Похвала сладострастию | страница 22




Наслаждение и страсть не стоит воспринимать как распущенность или слабость — но как возможность преодолеть сверхчеловеческие опасности и остаться невредимым, совершить самые невероятные поступки, показать лучшее, на что способен — и всё это с высоко поднятой головой. Только с такого угла зрения нашим взорам предстанет Олимп, и мы, вкусив амброзии, навсегда останемся неуязвимыми.


Никогда не говори, подобно другим: «это хорошо» или «это плохо» — но только «это сделано хорошо» или «это сделано плохо». Постыдное или благородное существует лишь в трактовке, которую ему придают. Все то, что на данный момент объявляется низким или, напротив, превозносится, не имеет ничего общего с нынешней моралью. Из наших поступков мы всегда выделяем самый важный, независимо от его сути. Древние греки хорошо это знали.

Разделяя все поступки на «чистые и нечистые» с той же безосновательностью, с какой древние иудеи разделяли животных, — христианство всё испортило.


Если «добродетель» — синоним силы, то «порок» — не обязательно синоним слабости. По этому поводу я люблю вспоминать старого архиепископа из Шаменадура[5], который говорил, улыбаясь: «Мой викарий отпускает только те грехи, которые ему нравятся».


В моих отношениях с молодыми людьми столько же коварства, сколько нежности. Это жестокие игры, в которых я выпускаю когти в самый неожиданный момент — когда они думают, что изрядно меня потрепали, я призываю их не быть такими вялыми.


Мы не выбираем своих склонностей. Одни скрывают их или осуждают, и полагают себя освободившимися от них, оправданными.


Другие переносят их, преобразуют, сублимируют — но не является ли ореол возвышенного, окружающий эти свойства в воображении их обладателя, всего лишь обманом, отвлекающим маневром, а не истинным очищением? Все зависит от искренности, от спонтанности этой импровизированной мифологии, будь она изобретенной самостоятельно или заимствованной.

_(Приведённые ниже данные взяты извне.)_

text \<open>A weakly increasing \<open>\<psi>\<close> is encoded by the monomial whose exponent of \<open>x\<^sub>a\<close> is the jump
  \<open>\<psi> a - \<psi> (a - 1)\<close>; this is exactly the projected letterplace generator of \<open>\<psi>\<close>, and taking
  partial sums inverts it, so \<open>Hom([m],\<nat>)\<close> is in bijection with the monomials of
  \<open>k[x\<^sub>1,\<dots>,x\<^sub>m]\<close>. Divisibility of monomials implies the pointwise order of the partial sums,
  hence a monomial lies in \<open>L\<^sup>p\<^sup>1(J,[m])\<close> iff its partial sum function lies outside \<open>J\<close>.
  The pointwise order on \<open>Hom([m],\<nat>)\<close> is generated by raising \<open>\<psi> m\<close> (multiplying by \<open>x\<^sub>m\<close>)
  and raising \<open>\<psi> b\<close> for \<open>b < m\<close> (replacing \<open>x\<^sub>b\<^sub>+\<^sub>1\<close> by \<open>x\<^sub>b\<close>). So complements of
  poset ideals correspond exactly to the monomial sets of strongly stable ideals.\<close>

lemma mono_mult: "(mono a :: 'k::comm_ring_1 mpoly) * mono b = mono (a + b)"
  by (simp add: mono_def mult_single)

lemma var_mult_mono: "(var j :: 'k::comm_ring_1 mpoly) * mono u = mono (Poly_Mapping.single j 1 + u)"
  by (simp add: var_def mono_mult)

lemma keys_add_nat:
  "Poly_Mapping.keys (a + b :: 'a \<Rightarrow>\<^sub>0 nat) = Poly_Mapping.keys a \<union> Poly_Mapping.keys b"
  by (auto simp: in_keys_iff lookup_add)

lemma monoms_add_iff: "a + b \<in> monoms m \<longleftrightarrow> a \<in> monoms m \<and> b \<in> monoms m"
  by (simp add: monoms_def keys_add_nat)

lemma single_in_monoms: "i \<in> {1..m} \<Longrightarrow> Poly_Mapping.single i n \<in> monoms m"
  by (simp add: monoms_def)

lemma Pring_add: "p \<in> Pring m \<Longrightarrow> q \<in> Pring m \<Longrightarrow> p + q \<in> Pring m"
  using keys_add[of p q] unfolding Pring_def mem_Collect_eq by blast

lemma Pring_mult:
  assumes "p \<in> Pring m" and "q \<in> Pring m"
  shows "p * q \<in> Pring m"
  unfolding Pring_def mem_Collect_eq
proof
  fix k assume "k \<in> Poly_Mapping.keys (p * q)"
  then obtain a b where "k = a + b" "a \<in> Poly_Mapping.keys p" "b \<in> Poly_Mapping.keys q"
    using keys_mult by blast
  with assms show "k \<in> monoms m" by (simp add: Pring_def monoms_add_iff)
qed

lemma keys_mono [simp]: "Poly_Mapping.keys (mono e :: 'k::comm_ring_1 mpoly) = {e}"
  by (simp add: mono_def)

lemma mono_in_Pring: "e \<in> monoms m \<Longrightarrow> (mono e :: 'k::comm_ring_1 mpoly) \<in> Pring m"
  by (simp add: Pring_def)

lemma const_in_Pring: "(Poly_Mapping.single 0 c :: 'k::comm_ring_1 mpoly) \<in> Pring m"
  by (simp add: Pring_def monoms_def)

lemma zero_in_Pring [simp]: "0 \<in> Pring m"
  by (simp add: Pring_def)

lemma is_ideal_Pring: "is_ideal m (Pring m)"
  by (simp add: is_ideal_def Pring_add Pring_mult)

lemma is_ideal_gen_ideal:
  assumes "G \<subseteq> Pring m"
  shows "is_ideal m (gen_ideal m G)"
proof -
  have "Pring m \<in> {I. is_ideal m I \<and> G \<subseteq> I}" using assms is_ideal_Pring by blast
  then have "gen_ideal m G \<subseteq> Pring m" unfolding gen_ideal_def by blast
  moreover have "0 \<in> gen_ideal m G"
    and "\<forall>p\<in>gen_ideal m G. \<forall>q\<in>gen_ideal m G. p + q \<in> gen_ideal m G"
    and "\<forall>r\<in>Pring m. \<forall>p\<in>gen_ideal m G. r * p \<in> gen_ideal m G"
    unfolding gen_ideal_def is_ideal_def by blast+
  ultimately show ?thesis unfolding is_ideal_def by blast
qed

lemma gen_ideal_superset: "G \<subseteq> gen_ideal m G"
  by (auto simp: gen_ideal_def)

lemma gen_ideal_least: "is_ideal m I \<Longrightarrow> G \<subseteq> I \<Longrightarrow> gen_ideal m G \<subseteq> I"
  by (auto simp: gen_ideal_def)

lemma is_ideal_sum: "finite A \<Longrightarrow> is_ideal m I \<Longrightarrow> (\<And>a. a \<in> A \<Longrightarrow> f a \<in> I) \<Longrightarrow> sum f A \<in> I"
  by (induction A rule: finite_induct) (auto simp: is_ideal_def)
lemma first_step_estimate:
  assumes sol: "rothe_solution D iV A \<iota> J f T N u0 u \<xi>" and "N \<ge> 1"
    and small: "8 * (T / N) * garding_const \<le> 1"
  shows "(norm (iV (u 1) - iV u0))\<^sup>2
           \<le> 2 * (norm (iV u0 - iV v))\<^sup>2 + 2 * first_step_residual (T / N) v (norm (iV u0))"
proof -
  define \<tau> E \<delta> where "\<tau> = T / N" and "E = norm (iV (u 1) - iV u0)"
    and "\<delta> = norm (iV u0 - iV v)"
  have "0 \<le> \<tau>"
    using T_pos by (simp add: \<tau>_def)
  have "E * \<delta> \<le> E\<^sup>2 / 4 + \<delta>\<^sup>2"
    using young_inequality_real[of 4 \<delta> E] by (simp add: mult.commute)
  moreover have "\<tau> * garding_const * (norm (iV (u 1)))\<^sup>2
                   \<le> 2 * \<tau> * garding_const * (norm (iV u0))\<^sup>2 + 2 * \<tau> * garding_const * E\<^sup>2"
  proof -
    have "(norm (iV (u 1)))\<^sup>2 \<le> (norm (iV u0) + E)\<^sup>2"
      using norm_triangle_ineq[of "iV u0" "iV (u 1) - iV u0"]
      by (intro power_mono) (simp_all add: E_def)
    also have "\<dots> \<le> 2 * (norm (iV u0))\<^sup>2 + 2 * E\<^sup>2"
      by (rule square_sum_le)
    finally have "\<tau> * garding_const * (norm (iV (u 1)))\<^sup>2
                    \<le> \<tau> * garding_const * (2 * (norm (iV u0))\<^sup>2 + 2 * E\<^sup>2)"
      using \<open>0 \<le> \<tau>\<close> garding_const_nonneg by (intro mult_left_mono) simp_all
    then show ?thesis
      by (simp add: algebra_simps)
  qed
  moreover have "2 * \<tau> * garding_const * E\<^sup>2 \<le> E\<^sup>2 / 4"
    using mult_right_mono[OF small, of "E\<^sup>2"] by (simp add: \<tau>_def)
  ultimately have "E\<^sup>2 / 2 \<le> \<delta>\<^sup>2 + first_step_residual \<tau> v (norm (iV u0))"
    using first_step_energy_inequality[OF sol \<open>N \<ge> 1\<close>, of v]
    unfolding first_step_residual_def \<tau>_def [symmetric] E_def [symmetric] \<delta>_def [symmetric]
    by linarith
  then show ?thesis
    by (simp add: E_def \<delta>_def \<tau>_def)
qed

lemma first_step_residual_tendsto_zero:
  assumes "p \<longlonglongrightarrow> p0"
  shows "(\<lambda>N. first_step_residual (T / real N) v (p N)) \<longlonglongrightarrow> 0"
proof -
  have "(\<lambda>N. energy (T / real N)) \<longlonglongrightarrow> 0"
    unfolding energy_def using f_L2 T_pos by (intro set_integral_initial_interval_tendsto_zero) auto
  moreover have "(\<lambda>N. T / real N) \<longlonglongrightarrow> 0"
    by (rule lim_const_over_n)
  ultimately have "(\<lambda>N. first_step_residual (T / real N) v (p N)) \<longlonglongrightarrow>
      0 / \<alpha> + (0 + 0 / 4) * norm v + 0 * test_const v + 2 * 0 * garding_const * p0\<^sup>2"
    unfolding first_step_residual_def test_residual_def using \<alpha>_pos
    by (intro tendsto_intros assms) auto
  then show ?thesis
    by simp
qed

theorem first_step_difference_tendsto_zero:
  assumes sol: "\<forall>\<^sub>F N in sequentially. rothe_solution D iV A \<iota> J f T N (u0t N) (u N) (\<xi> N)"
    and u0t: "(\<lambda>N. iV (u0t N)) \<longlonglongrightarrow> u0" and "u0 \<in> closure (range iV)"
  shows "(\<lambda>N. iV (u N 1) - iV (u0t N)) \<longlonglongrightarrow> 0"
proof (rule tendsto_zero_by_approximation[OF u0t \<open>u0 \<in> _\<close>])
  fix s
  assume "s \<in> range iV"
  then obtain v where "s = iV v"
    by blast
  have "(\<lambda>N. 8 * (T / real N) * garding_const) \<longlonglongrightarrow> 8 * 0 * garding_const"
    by (intro tendsto_intros lim_const_over_n)
  then have "\<forall>\<^sub>F N in sequentially. 8 * (T / real N) * garding_const < 1"
    by (rule order_tendstoD) simp
  then have "\<forall>\<^sub>F N in sequentially. 8 * (T / real N) * garding_const \<le> 1"
    by (rule eventually_mono) simp
  then have "\<forall>\<^sub>F N in sequentially. (norm (iV (u N 1) - iV (u0t N)))\<^sup>2
      \<le> 2 * (norm (iV (u0t N) - s))\<^sup>2 + 2 * first_step_residual (T / N) v (norm (iV (u0t N)))"
    using sol eventually_ge_at_top[of 1] unfolding \<open>s = iV v\<close>
    by eventually_elim (rule first_step_estimate)
  moreover have "(\<lambda>N. 2 * first_step_residual (T / N) v (norm (iV (u0t N)))) \<longlonglongrightarrow> 0"
    using first_step_residual_tendsto_zero[OF tendsto_norm[OF u0t]]
    by (rule tendsto_mult_right_zero)
  ultimately show "\<exists>r. r \<longlonglongrightarrow> 0 \<and> (\<forall>\<^sub>F N in sequentially. (norm (iV (u N 1) - iV (u0t N)))\<^sup>2
      \<le> 2 * (norm (iV (u0t N) - s))\<^sup>2 + r N)"
    by blast
qed

end

theorem lemma4p2:
  fixes iV :: "'v::{banach,second_countable_topology} \<Rightarrow> 'h::{real_inner,complete_space,second_countable_topology}"
    and D :: "'w::{banach,second_countable_topology} \<Rightarrow> ('v \<Rightarrow>\<^sub>L real)"
    and A :: "'v \<Rightarrow> 'w"
    and J :: "'u::banach \<Rightarrow> real"
    and \<iota> :: "'v \<Rightarrow> 'u"
    and iZ1 :: "'v \<Rightarrow> 'z::banach" and iZ2 :: "'z \<Rightarrow> 'h" and \<iota>2 :: "'z \<Rightarrow> 'u"
    and f :: "real \<Rightarrow> 'w" and T :: real and u0 :: 'h
    and a b \<alpha> \<beta> d c0 :: real
    and u0t :: "nat \<Rightarrow> 'v"
    and u :: "nat \<Rightarrow> nat \<Rightarrow> 'v" and \<xi> :: "nat \<Rightarrow> nat \<Rightarrow> ('u \<Rightarrow>\<^sub>L real)"
  assumes T_pos: "T > 0"
    (* spaces and embeddings V \<subset> H \<subset> V* *)
    and V_refl: "reflexive_space TYPE('v)"
    and U_refl: "reflexive_space TYPE('u)"
    and iV_lin: "bounded_linear iV" and iV_inj: "inj iV"
    and iV_dense: "closure (range iV) = UNIV"
    and iV_compact: "compact_map iV"
    and D_lin: "bounded_linear D" and D_bij: "bij D" and D_isom: "\<And>w. norm (D w) = norm w"
    and H_dense: "closure (range (embH D iV)) = UNIV"
    (* H(A) *)
    and A_pm: "pseudomonotone D A"
    and A_bound: "a \<ge> 0" "b > 0" "\<And>v. norm (A v) \<le> a + b * norm v"
    and A_coerc: "\<alpha> > 0" "\<beta> \<ge> 0"
                 "\<And>v. pair D (A v) v \<ge> \<alpha> * (norm v)\<^sup>2 - \<beta> * (norm (iV v))\<^sup>2"
    (* H(J) *)
    and J_lip: "locally_lipschitz J"
    and J_growth: "d > 0" "\<And>x \<zeta>. \<zeta> \<in> clarke_subdiff J x \<Longrightarrow> norm \<zeta> \<le> d * (1 + norm x)"
    (* H(iota) *)
    and iota_lin: "bounded_linear \<iota>" and iota_compact: "compact_map \<iota>"
    and iZ1_lin: "bounded_linear iZ1" and iZ1_inj: "inj iZ1" and iZ1_compact: "compact_map iZ1"
    and iZ2_lin: "bounded_linear iZ2" and iZ2_inj: "inj iZ2"
    and iV_factor: "\<And>v. iV v = iZ2 (iZ1 v)"
    and iota2_lin: "bounded_linear \<iota>2"
    and iota_factor: "\<And>v. \<iota> v = \<iota>2 (iZ1 v)"
    (* H(f) *)
    and f_meas: "(\<lambda>t. indicator {0..T} t *\<^sub>R f t) \<in> borel_measurable lborel"
    and f_L2: "set_integrable lborel {0..T} (\<lambda>t. (norm (f t))\<^sup>2)"
    (* initial data of the scheme, indexed by N with tau = T/N *)
    and u0t_conv: "(\<lambda>N. iV (u0t N)) \<longlonglongrightarrow> u0"
    and u0t_bound: "\<And>N. N \<ge> 1 \<Longrightarrow> norm (u0t N) \<le> c0 / sqrt (T / real N)"
    (* solutions of P_tau for all sufficiently small tau *)
    and sol: "eventually (\<lambda>N. rothe_solution D iV A \<iota> J f T N (u0t N) (u N) (\<xi> N)) sequentially"
  shows "(\<lambda>N. iV (u N 1) - iV (u0t N)) \<longlonglongrightarrow> 0"
proof -
  define \<epsilon> where "\<epsilon> = \<alpha> / (4 * (3 * d + 2))"
  have "\<epsilon> > 0"
    using A_coerc(1) J_growth(1) by (simp add: \<epsilon>_def)
  obtain C where "C \<ge> 0" and ehrling: "\<And>v. (norm (\<iota> v))\<^sup>2 \<le> \<epsilon> * (norm v)\<^sup>2 + C * (norm (iV v))\<^sup>2"
    using ehrling_inequality_squared[OF iZ1_lin iZ1_compact iZ2_lin iZ2_inj iota2_lin \<open>\<epsilon> > 0\<close>]
    by (auto simp: iV_factor iota_factor)
  have "(3 * d + 2) * \<epsilon> \<le> \<alpha> / 4" and "d \<ge> 0"
    using J_growth(1) by (simp_all add: \<epsilon>_def field_simps)
  interpret rothe_first_step D iV A \<iota> J f T a b \<alpha> \<beta> d \<epsilon> C
    by (rule rothe_first_step.intro)
      (fact T_pos D_lin D_bij D_isom iV_lin iota_lin A_bound(3) A_coerc J_growth(2) ehrling
        \<open>C \<ge> 0\<close> \<open>d \<ge> 0\<close> \<open>(3 * d + 2) * \<epsilon> \<le> \<alpha> / 4\<close> f_meas f_L2)+
  show ?thesis
    using sol u0t_conv iV_dense by (intro first_step_difference_tendsto_zero) auto
qed

end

Сначала воспринимаешь свои пороки как нечто любопытное; затем, переходя в разряд опасных, они порождают трагедии. После чего превращаются в привычки и больше не трогают.


Чаще всего наша ценность измеряется именно нашими неблаговидными поступками, нашими ошибками. Если бы не они, мы бы ничем не отличались от заурядных персонажей, сидящих за нашим столом — абсолютно цельных, лишенных всякой драматичности. Что до меня, то самое главное во мне выходит за пределы моей личности — ужас или восторг сквозят в каждом моем слове, в каждом движении. Смерть и грех непрестанно оспаривают меня друг у друга: одна берет верх в обычной обстановке, другой — в интимной; и воздействие обоих тем ощутимее, чем более они хрупки и уязвимы. Насколько меньше смятения вызывало бы мое присутствие, не будь этого неуклонного движения к гибели, которое можно угадать либо по дрожи в моем голосе, либо по внезапной вспышке во взгляде.